On 16.08.2013 14:35, Chris Hegarty wrote:

I see no objections to this, and I think it has been through enoughreview. I'll sponsor this change for Aleksej.


-Chris.

On 13/08/2013 10:20, Aleksej Efimov wrote:

Stuart,
Thanks for your comments.
New webrev: http://cr.openjdk.java.net/~aefimov/8021820/webrev.03/
<http://cr.openjdk.java.net/%7Eaefimov/8021820/webrev.03/>
Comments below.

Thanks,
Aleksej

On 08/08/2013 06:10 AM, Stuart Marks wrote:

Hi Aleksej,

Thanks for the update. The situation is a bit twisted.

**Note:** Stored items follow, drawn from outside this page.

lemma card_int_chains:
  "finite (int_chains i (i + Suc k) lo hi D) \<and>
   card (int_chains i (i + Suc k) lo hi D) =
     (let d = card {t. i \<le> t \<and> t < i + Suc k \<and> D t}
      in if int d \<le> hi - lo then (nat (hi - lo - int d) + k) choose k else 0)"
proof (induction k arbitrary: i lo)
  case 0
  have "int_chains i (Suc i) lo hi D =
      (if lo \<le> hi \<and> (D i \<longrightarrow> lo < hi) then {(\<lambda>_. 0)(i := lo, Suc i := hi)} else {})"
    by (auto simp: int_chains_def fun_eq_iff)
  moreover have "{t. i \<le> t \<and> t < Suc i \<and> D t} = (if D i then {i} else {})"
    using le_antisym less_Suc_eq_le by auto
  ultimately show ?case
    by auto
next
  case (Suc k)
  let ?j = "i + Suc (Suc k)"
  define \<delta> :: int where "\<delta> = (if D i then 1 else 0)"
  define d where "d = card {t. Suc i \<le> t \<and> t < ?j \<and> D t}"
  have IH: "finite (int_chains (Suc i) ?j x hi D)"
    "card (int_chains (Suc i) ?j x hi D) =
       (if int d \<le> hi - x then (nat (hi - x - int d) + k) choose k else 0)" for x
    using Suc.IH[of "Suc i" x] by (simp_all add: d_def Let_def)
  have "card (int_chains i ?j lo hi D) = (\<Sum>x\<in>{lo + \<delta>..hi}. card (int_chains (Suc i) ?j x hi D))"
    unfolding \<delta>_def by (rule card_int_chains_Suc(2)[OF _ IH(1)]) simp
  also have "\<dots> = (if int d \<le> hi - (lo + \<delta>) then (nat (hi - (lo + \<delta>) - int d) + Suc k) choose Suc k else 0)"
    unfolding IH(2) by (rule sum_binomial_int_interval)
  moreover have "{t. i \<le> t \<and> t < ?j \<and> D t} = (if D i then insert i else id) {t. Suc i \<le> t \<and> t < ?j \<and> D t}"
    by (auto simp: Suc_le_eq order.order_iff_strict)
  then have "int (card {t. i \<le> t \<and> t < ?j \<and> D t}) = int d + \<delta>"
    by (simp add: d_def \<delta>_def)
  moreover have "finite (int_chains i ?j lo hi D)"
    by (rule card_int_chains_Suc(1)[OF _ IH(1)]) simp
  ultimately show ?case
    by (simp add: algebra_simps Let_def)
qed

lemma finite_int_chains: "i < j \<Longrightarrow> finite (int_chains i j lo hi D)"
  using card_int_chains[of i "j - Suc i"] by simp

text \<open>
  The hypothesis on \<open>d\<close> keeps the binomial coefficient away from negative integers,
  where \<open>gchoose\<close> does not vanish.
\<close>

lemma real_card_int_chains:
  fixes i j :: nat and D :: "nat \<Rightarrow> bool"
  defines "d \<equiv> card {t. i \<le> t \<and> t < j \<and> D t}"
  assumes "i < j" and "int d \<le> hi - lo + int (j - i - 1)"
  shows "real (card (int_chains i j lo hi D)) =
    (real_of_int (hi - lo) - real d + real (j - i - 1)) gchoose (j - i - 1)"
proof -
  define k where "k = j - i - 1"
  have card: "card (int_chains i j lo hi D) =
      (if int d \<le> hi - lo then (nat (hi - lo - int d) + k) choose k else 0)"
    using card_int_chains[of i k lo hi D] \<open>i < j\<close> by (simp add: k_def d_def Let_def)
  show ?thesis
  proof (cases "int d \<le> hi - lo")
    case True
    then show ?thesis
      unfolding card k_def[symmetric] by (simp add: binomial_gbinomial)
  next
    case False
    define r where "r = nat (hi - lo - int d + int k)"
    have "r < k"
      using False assms(3) unfolding r_def k_def by arith
    then have "real r gchoose k = 0"
      by (metis binomial_eq_0 binomial_gbinomial of_nat_0)
    moreover have "real r = real_of_int (hi - lo) - real d + real k"
      using assms(3) by (simp add: r_def k_def)
    ultimately show ?thesis
      unfolding card k_def[symmetric] using False by simp
  qed
qed

lemma descending_steps_less:
  fixes f :: "nat \<Rightarrow> 'a::order"
  assumes "\<And>t. i \<le> t \<Longrightarrow> t < j \<Longrightarrow> f (Suc t) < f t" and "i < j"
  shows "f j < f i"
proof -
  have "f n < f i" if "Suc i \<le> n" "n \<le> j" for n
    using that
  proof (induction n rule: dec_induct)
    case (step n)
    then have "f (Suc n) < f n" "f n < f i"
      using assms(1)[of n] by simp_all
    then show ?case
      by (rule order.strict_trans)
  qed (use assms in simp)
  then show ?thesis
    using \<open>i < j\<close> by simp
qed

section \<open>Blocks between consecutive marked entries of a list\<close>

lemma consecutive_marked_covers:
  assumes "hd ys \<in> M" "last ys \<in> M" "Suc t < length ys"
  obtains i j where "(i, j) \<in> consecutive_marked M ys" "i \<le> t" "t < j"
proof -
  define A where "A = {s. s \<le> t \<and> ys ! s \<in> M}"
  define B where "B = {s. t < s \<and> s < length ys \<and> ys ! s \<in> M}"
  have "ys \<noteq> []"
    using assms(3) by auto
  then have "0 \<in> A" "length ys - 1 \<in> B"
    using assms by (auto simp: A_def B_def hd_conv_nth last_conv_nth)
  moreover have "finite A" "finite B"
    by (auto simp: A_def B_def)
  ultimately obtain i j where i: "i \<in> A" "\<And>s. s \<in> A \<Longrightarrow> s \<le> i"
    and j: "j \<in> B" "\<And>s. s \<in> B \<Longrightarrow> j \<le> s"
    by (metis Max_ge Max_in Min_le Min_in empty_iff)
  have "ys ! s \<notin> M" if "i < s" "s < j" for s
  proof
    assume "ys ! s \<in> M"
    then have "s \<in> A \<or> s \<in> B"
      using that j(1) by (auto simp: A_def B_def)
    then show False
      using that i(2) j(2) by force
  qed
  then have "(i, j) \<in> consecutive_marked M ys"
    using i(1) j(1) by (simp add: consecutive_marked_def A_def B_def)
  then show thesis
    using that i(1) j(1) by (simp add: A_def B_def)
qed
lemma joined_in_last_round_after: "joined_in_last_round c'"
  using invariant_joined_in_last_round[OF inv] unfolding joined_in_last_round_def
  by (simp add: same)

lemma probed_joined_after: "probed_joined c'" using invariant_probed_joined[OF inv]
  unfolding probed_joined_def by (simp add: same probed')

lemma children_exact_after: "children_exact c'" using invariant_children_exact[OF inv]
  unfolding children_exact_def by (simp add: same probed')

lemma message_budget_after: "message_budget c'"
proof -
  have r1: "reserve c' z = reserve c z" if "z \<in> V" "z \<noteq> u" for z
  proof (cases "z = v")
    case True thus ?thesis using msg_facts(4) by (simp add: reserve_def same)
  next
    case False thus ?thesis using that by (simp add: reserve_def conf' chan_c split: option.splits)
  qed
  have r2: "reserve c u = reserve c' u + 1" using exploring waiting_u v_ne_u
    by (simp add: reserve_def conf' chan_c)
  have "sum (reserve c') V + reserve c u = sum (reserve c) V + reserve c' u"
    by (rule sum_eq_off_point[OF finite_V msg_facts(1)]) (rule r1)
  moreover have "budget c' = budget c" by (intro budget_cong) (simp add: same)
  ultimately show ?thesis using invariant_message_budget[OF inv] r2 unfolding message_budget_def
    by (simp add: conf')
qed

lemma invariant_after: "invariant (Some u) c'"
  unfolding invariant_def
  by (intro conjI
    root_ok_after parents_ok_after children_ok_after counts_ok_after explore_ok_after
    explore_chain_after channels_ok_after one_message_after waits_on_child_after
    control_ok_after parent_counts_after init_deep_after joined_in_last_round_after
    probed_joined_after children_exact_after message_budget_after)
end

locale send_step = bfs V E r for V :: "'v set" and E r +
  fixes c :: "'v conf" and u w :: 'v
  assumes inv: "invariant (Some u) c" and w_in_todo: "w \<in> todo c u"
begin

I picked up a couple clues from David Holmes and Jon Gibbons. The
NoClassDefFoundError occurs when the JVM has hit its resource limit
for the number of open files, *and* it is being run in a development
environment with individual class files in a hierarchy, e.g. within

ROOT/build/<platform>/jdk/classes

In this case, since each class is in its own file, it's quite likely
that the loading of an individual class will fail because of lack of
file descriptors. If the JVM itself encounters this, it will generate

a NoClassDefFoundError without a stack trace such as the ones we'veseen.


If the test is being run against a fully built JDK image, classes are
loaded from rt.jar. This is usually already open, so quite often
classes can be loaded without having to open additional files. In this
case we get the FileNotFoundException as expected.

It was very interesting and enlightening information. Thank you for
that, I'll keep it in mind.


The resource limits seem to vary from system to system, and even from
one Ubuntu version to the next (mine has a default hard limit of 1024
open files). Unfortunately, while it might seem reasonable to have
minimum specifications for systems on which we run tests, in practice
this has proven very difficult. Since the bug being fixed is Mac-only,
and the default open file limit for Mac seems to be unlimited, perhaps
it makes most sense for this to be a Mac-only test.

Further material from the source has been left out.